lemma fixed_form_factor:
  assumes "coprime_forms c"
  obtains n Q where "poly Q w \<noteq> 0" "\<And>t. fixed_form c t 1 = (t - w)^n * poly Q t"
proof -
  obtain Q where "fixed_poly c = [:-w, 1:] ^ order w (fixed_poly c) * Q" "\<not> [:-w, 1:] dvd Q"
    using order_decomp[OF fixed_poly_nonzero[OF assms]] by blast
  moreover have "fixed_form c t 1 = (t - w) ^ order w (fixed_poly c) * poly Q t" for t
    unfolding poly_fixed_poly[symmetric] by (subst \<open>fixed_poly c = _\<close>) simp
  ultimately show ?thesis
    by (intro that[of Q "order w (fixed_poly c)"]) (auto simp: poly_eq_0_iff_dvd)
qed

lemma ratmap_has_fixed_point:
  assumes cp: "coprime_forms c"
  obtains x where "ratmap c x = x"
proof (cases "fixed_form c 1 0 = 0")
  case True
  then show ?thesis
    using ratmap_fixes_iff[OF cp, of None] that by simp
next
  case False
  then have "\<not> (\<exists>a l. a \<noteq> 0 \<and> l = 0 \<and> fixed_poly c = pCons a l)"
    by (cases c) (auto simp: fixed_poly_def fixed_form_def formG_def)
  then obtain t where "poly (fixed_poly c) t = 0"
    using fundamental_theorem_of_algebra_alt by blast
  then show ?thesis
    using ratmap_fixes_iff[OF cp, of "Some t"] that by (simp add: poly_fixed_poly)
qed

definition jac_trace :: "coeffs2 \<Rightarrow> complex \<Rightarrow> complex \<Rightarrow> complex" where
  "jac_trace c X Y = (case c of (a0, a1, a2, b0, b1, b2) \<Rightarrow> (2 * a0 * X + a1 * Y) + (b1 * X + 2 * b2 * Y))"

lemma jac_trace_scale: "jac_trace c (k * X) (k * Y) = k * jac_trace c X Y"
  by (cases c) (simp add: jac_trace_def algebra_simps)

lemma jac_trace_conj_coeffs:
  "jac_trace (conj_coeffs p q r s c) X Y = (p * s - q * r) * jac_trace c (p * X + q * Y) (r * X + s * Y)"
  by (cases c) (simp add: jac_trace_def conj_coeffs_def power2_eq_square algebra_simps)

definition affine_rat :: "coeffs2 \<Rightarrow> complex \<Rightarrow> complex" where
  "affine_rat c w = formF c w 1 / formG c w 1"
lemma root_poly_apply_shift:
  assumes R: "Vector_Spaces.linear scale scale R"
    and XR: "\<And>w. X (R w) = R (X w) + c *s R w"
  shows "root_poly_apply scale X (map (\<lambda>s. s + c) ss) (R w) = R (root_poly_apply scale X ss w)"
proof (induction ss)
  case Nil
  show ?case by simp
next
  case (Cons s ss)
  interpret R: Vector_Spaces.linear scale scale R by (fact R)
  show ?case using Cons by (simp add: R.diff R.scale XR scale_left_distrib algebra_simps)
qed

lemma root_poly_apply_eigenvector:
  assumes "X v = l *s v"
  shows "root_poly_apply scale X ss v = (\<Prod>s\<leftarrow>ss. l - s) *s v"
  by (induction ss) (simp_all add: X.scale assms scale_left_diff_distrib algebra_simps)

lemma root_poly_apply_in_subspace:
  assumes "subspace S" "X ` S \<subseteq> S" "w \<in> S"
  shows "root_poly_apply scale X ss w \<in> S"
  by (induction ss) (use assms in \<open>auto intro!: subspace_diff subspace_scale\<close>)

lemma subspace_int_gen_eigenspaces: "subspace (int_gen_eigenspaces scale X)"
  unfolding subspace_def
proof (intro conjI ballI allI)
  show "0 \<in> int_gen_eigenspaces scale X"
    unfolding int_gen_eigenspaces_def by (auto intro: exI[of _ "[]"])
next
  fix x y assume "x \<in> int_gen_eigenspaces scale X" "y \<in> int_gen_eigenspaces scale X"
  then obtain ss tt where ss: "set ss \<subseteq> \<int>" "root_poly_apply scale X ss x = 0"
    and tt: "set tt \<subseteq> \<int>" "root_poly_apply scale X tt y = 0"
    unfolding int_gen_eigenspaces_def by blast
  interpret P: Vector_Spaces.linear scale scale "root_poly_apply scale X ss"
    by (fact linear_root_poly_apply)
  have "root_poly_apply scale X (tt @ ss) (x + y) = 0"
    using root_poly_apply_commute[of tt ss y]
    by (simp add: root_poly_apply_append P.add ss tt P.zero)
  with ss tt show "x + y \<in> int_gen_eigenspaces scale X"
    unfolding int_gen_eigenspaces_def by (auto intro!: exI[of _ "tt @ ss"])
next
  fix c x assume "x \<in> int_gen_eigenspaces scale X"
  then obtain ss where ss: "set ss \<subseteq> \<int>" "root_poly_apply scale X ss x = 0"
    unfolding int_gen_eigenspaces_def by blast
  interpret P: Vector_Spaces.linear scale scale "root_poly_apply scale X ss"
    by (fact linear_root_poly_apply)
  show "c *s x \<in> int_gen_eigenspaces scale X"
    unfolding int_gen_eigenspaces_def using ss by (auto simp: P.scale)
qed
lemma fdelta_tensor:
  "fdelta eb fb h = laurent (sumset S T)
     (\<lambda>b. \<Sum>q\<in>S \<times> T. if fst q + snd q = b then tensor_coeff h q else 0)"
proof
  fix z :: "complex ^ 'n"
  show "fdelta eb fb h z = laurent (sumset S T)
     (\<lambda>b. \<Sum>q\<in>S \<times> T. if fst q + snd q = b then tensor_coeff h q else 0) z"
  proof (cases "z \<in> torus")
    case False
    then show ?thesis
      by (auto simp: laurent_def fdelta_def E.basis_eval F.basis_eval intro!: sum.neutral)
  next
    case True
    have "fdelta eb fb h z = (\<Sum>p\<in>eb \<times> fb. h p * (\<Sum>q\<in>S \<times> T. prod_coeff p q * monom (fst q + snd q) z))"
      unfolding fdelta_def
    proof (intro sum.cong refl)
      fix p assume "p \<in> eb \<times> fb"
      then have "fst p z * snd p z
          = (\<Sum>q\<in>S \<times> T. (lcoeff S (fst p) (fst q) * monom (fst q) z) * (lcoeff T (snd p) (snd q) * monom (snd q) z))"
        using True by (auto simp: E.basis_eval F.basis_eval intro: sum_product_set[symmetric])
      also have "\<dots> = (\<Sum>q\<in>S \<times> T. prod_coeff p q * monom (fst q + snd q) z)"
        by (intro sum.cong refl) (simp add: prod_coeff_def monom_add[OF True] mult_ac)
      finally show "h p * fst p z * snd p z = h p * (\<Sum>q\<in>S \<times> T. prod_coeff p q * monom (fst q + snd q) z)"
        by (simp add: mult.assoc)
    qed
    also have "\<dots> = (\<Sum>p\<in>eb \<times> fb. \<Sum>q\<in>S \<times> T. h p * prod_coeff p q * monom (fst q + snd q) z)"
      by (simp add: sum_distrib_left mult.assoc)
    also have "\<dots> = (\<Sum>q\<in>S \<times> T. tensor_coeff h q * monom (fst q + snd q) z)"
      by (subst sum.swap) (simp add: tensor_coeff_def sum_distrib_right)
    also have "\<dots> = (\<Sum>b\<in>sumset S T. \<Sum>q\<in>S \<times> T.
        if fst q + snd q = b then tensor_coeff h q * monom (fst q + snd q) z else 0)"
      unfolding sumset_def by (rule sum_by_fibres[OF finite_pairs])
    also have "\<dots> = (\<Sum>b\<in>sumset S T. (\<Sum>q\<in>S \<times> T. if fst q + snd q = b then tensor_coeff h q else 0) * monom b z)"
      by (intro sum.cong refl) (auto simp: sum_distrib_right intro!: sum.cong)
    finally show ?thesis using True by (simp add: laurent_def)
  qed
qed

※

WHAT YOU SHOULD DO: Set the data down again in full. Keep it exact.

PROBLEM SOLUTION:
lemma fixed_form_factor:
  assumes "coprime_forms c"
  obtains n Q where "poly Q w \<noteq> 0" "\<And>t. fixed_form c t 1 = (t - w)^n * poly Q t"
proof -
  obtain Q where "fixed_poly c = [:-w, 1:] ^ order w (fixed_poly c) * Q" "\<not> [:-w, 1:] dvd Q"
    using order_decomp[OF fixed_poly_nonzero[OF assms]] by blast
  moreover have "fixed_form c t 1 = (t - w) ^ order w (fixed_poly c) * poly Q t" for t
    unfolding poly_fixed_poly[symmetric] by (subst \<open>fixed_poly c = _\<close>) simp
  ultimately show ?thesis
    by (intro that[of Q "order w (fixed_poly c)"]) (auto simp: poly_eq_0_iff_dvd)
qed

lemma ratmap_has_fixed_point:
  assumes cp: "coprime_forms c"
  obtains x where "ratmap c x = x"
proof (cases "fixed_form c 1 0 = 0")
  case True
  then show ?thesis
    using ratmap_fixes_iff[OF cp, of None] that by simp
next
  case False
  then have "\<not> (\<exists>a l. a \<noteq> 0 \<and> l = 0 \<and> fixed_poly c = pCons a l)"
    by (cases c) (auto simp: fixed_poly_def fixed_form_def formG_def)
  then obtain t where "poly (fixed_poly c) t = 0"
    using fundamental_theorem_of_algebra_alt by blast
  then show ?thesis
    using ratmap_fixes_iff[OF cp, of "Some t"] that by (simp add: poly_fixed_poly)
qed

definition jac_trace :: "coeffs2 \<Rightarrow> complex \<Rightarrow> complex \<Rightarrow> complex" where
  "jac_trace c X Y = (case c of (a0, a1, a2, b0, b1, b2) \<Rightarrow> (2 * a0 * X + a1 * Y) + (b1 * X + 2 * b2 * Y))"

lemma jac_trace_scale: "jac_trace c (k * X) (k * Y) = k * jac_trace c X Y"
  by (cases c) (simp add: jac_trace_def algebra_simps)

lemma jac_trace_conj_coeffs:
  "jac_trace (conj_coeffs p q r s c) X Y = (p * s - q * r) * jac_trace c (p * X + q * Y) (r * X + s * Y)"
  by (cases c) (simp add: jac_trace_def conj_coeffs_def power2_eq_square algebra_simps)

definition affine_rat :: "coeffs2 \<Rightarrow> complex \<Rightarrow> complex" where
  "affine_rat c w = formF c w 1 / formG c w 1"
lemma root_poly_apply_shift:
  assumes R: "Vector_Spaces.linear scale scale R"
    and XR: "\<And>w. X (R w) = R (X w) + c *s R w"
  shows "root_poly_apply scale X (map (\<lambda>s. s + c) ss) (R w) = R (root_poly_apply scale X ss w)"
proof (induction ss)
  case Nil
  show ?case by simp
next
  case (Cons s ss)
  interpret R: Vector_Spaces.linear scale scale R by (fact R)
  show ?case using Cons by (simp add: R.diff R.scale XR scale_left_distrib algebra_simps)
qed

lemma root_poly_apply_eigenvector:
  assumes "X v = l *s v"
  shows "root_poly_apply scale X ss v = (\<Prod>s\<leftarrow>ss. l - s) *s v"
  by (induction ss) (simp_all add: X.scale assms scale_left_diff_distrib algebra_simps)

lemma root_poly_apply_in_subspace:
  assumes "subspace S" "X ` S \<subseteq> S" "w \<in> S"
  shows "root_poly_apply scale X ss w \<in> S"
  by (induction ss) (use assms in \<open>auto intro!: subspace_diff subspace_scale\<close>)

lemma subspace_int_gen_eigenspaces: "subspace (int_gen_eigenspaces scale X)"
  unfolding subspace_def
proof (intro conjI ballI allI)
  show "0 \<in> int_gen_eigenspaces scale X"
    unfolding int_gen_eigenspaces_def by (auto intro: exI[of _ "[]"])
next
  fix x y assume "x \<in> int_gen_eigenspaces scale X" "y \<in> int_gen_eigenspaces scale X"
  then obtain ss tt where ss: "set ss \<subseteq> \<int>" "root_poly_apply scale X ss x = 0"
    and tt: "set tt \<subseteq> \<int>" "root_poly_apply scale X tt y = 0"
    unfolding int_gen_eigenspaces_def by blast
  interpret P: Vector_Spaces.linear scale scale "root_poly_apply scale X ss"
    by (fact linear_root_poly_apply)
  have "root_poly_apply scale X (tt @ ss) (x + y) = 0"
    using root_poly_apply_commute[of tt ss y]
    by (simp add: root_poly_apply_append P.add ss tt P.zero)
  with ss tt show "x + y \<in> int_gen_eigenspaces scale X"
    unfolding int_gen_eigenspaces_def by (auto intro!: exI[of _ "tt @ ss"])
next
  fix c x assume "x \<in> int_gen_eigenspaces scale X"
  then obtain ss where ss: "set ss \<subseteq> \<int>" "root_poly_apply scale X ss x = 0"
    unfolding int_gen_eigenspaces_def by blast
  interpret P: Vector_Spaces.linear scale scale "root_poly_apply scale X ss"
    by (fact linear_root_poly_apply)
  show "c *s x \<in> int_gen_eigenspaces scale X"
    unfolding int_gen_eigenspaces_def using ss by (auto simp: P.scale)
qed
lemma fdelta_tensor:
  "fdelta eb fb h = laurent (sumset S T)
     (\<lambda>b. \<Sum>q\<in>S \<times> T. if fst q + snd q = b then tensor_coeff h q else 0)"
proof
  fix z :: "complex ^ 'n"
  show "fdelta eb fb h z = laurent (sumset S T)
     (\<lambda>b. \<Sum>q\<in>S \<times> T. if fst q + snd q = b then tensor_coeff h q else 0) z"
  proof (cases "z \<in> torus")
    case False
    then show ?thesis
      by (auto simp: laurent_def fdelta_def E.basis_eval F.basis_eval intro!: sum.neutral)
  next
    case True
    have "fdelta eb fb h z = (\<Sum>p\<in>eb \<times> fb. h p * (\<Sum>q\<in>S \<times> T. prod_coeff p q * monom (fst q + snd q) z))"
      unfolding fdelta_def
    proof (intro sum.cong refl)
      fix p assume "p \<in> eb \<times> fb"
      then have "fst p z * snd p z
          = (\<Sum>q\<in>S \<times> T. (lcoeff S (fst p) (fst q) * monom (fst q) z) * (lcoeff T (snd p) (snd q) * monom (snd q) z))"
        using True by (auto simp: E.basis_eval F.basis_eval intro: sum_product_set[symmetric])
      also have "\<dots> = (\<Sum>q\<in>S \<times> T. prod_coeff p q * monom (fst q + snd q) z)"
        by (intro sum.cong refl) (simp add: prod_coeff_def monom_add[OF True] mult_ac)
      finally show "h p * fst p z * snd p z = h p * (\<Sum>q\<in>S \<times> T. prod_coeff p q * monom (fst q + snd q) z)"
        by (simp add: mult.assoc)
    qed
    also have "\<dots> = (\<Sum>p\<in>eb \<times> fb. \<Sum>q\<in>S \<times> T. h p * prod_coeff p q * monom (fst q + snd q) z)"
      by (simp add: sum_distrib_left mult.assoc)
    also have "\<dots> = (\<Sum>q\<in>S \<times> T. tensor_coeff h q * monom (fst q + snd q) z)"
      by (subst sum.swap) (simp add: tensor_coeff_def sum_distrib_right)
    also have "\<dots> = (\<Sum>b\<in>sumset S T. \<Sum>q\<in>S \<times> T.
        if fst q + snd q = b then tensor_coeff h q * monom (fst q + snd q) z else 0)"
      unfolding sumset_def by (rule sum_by_fibres[OF finite_pairs])
    also have "\<dots> = (\<Sum>b\<in>sumset S T. (\<Sum>q\<in>S \<times> T. if fst q + snd q = b then tensor_coeff h q else 0) * monom b z)"
      by (intro sum.cong refl) (auto simp: sum_distrib_right intro!: sum.cong)
    finally show ?thesis using True by (simp add: laurent_def)
  qed
qed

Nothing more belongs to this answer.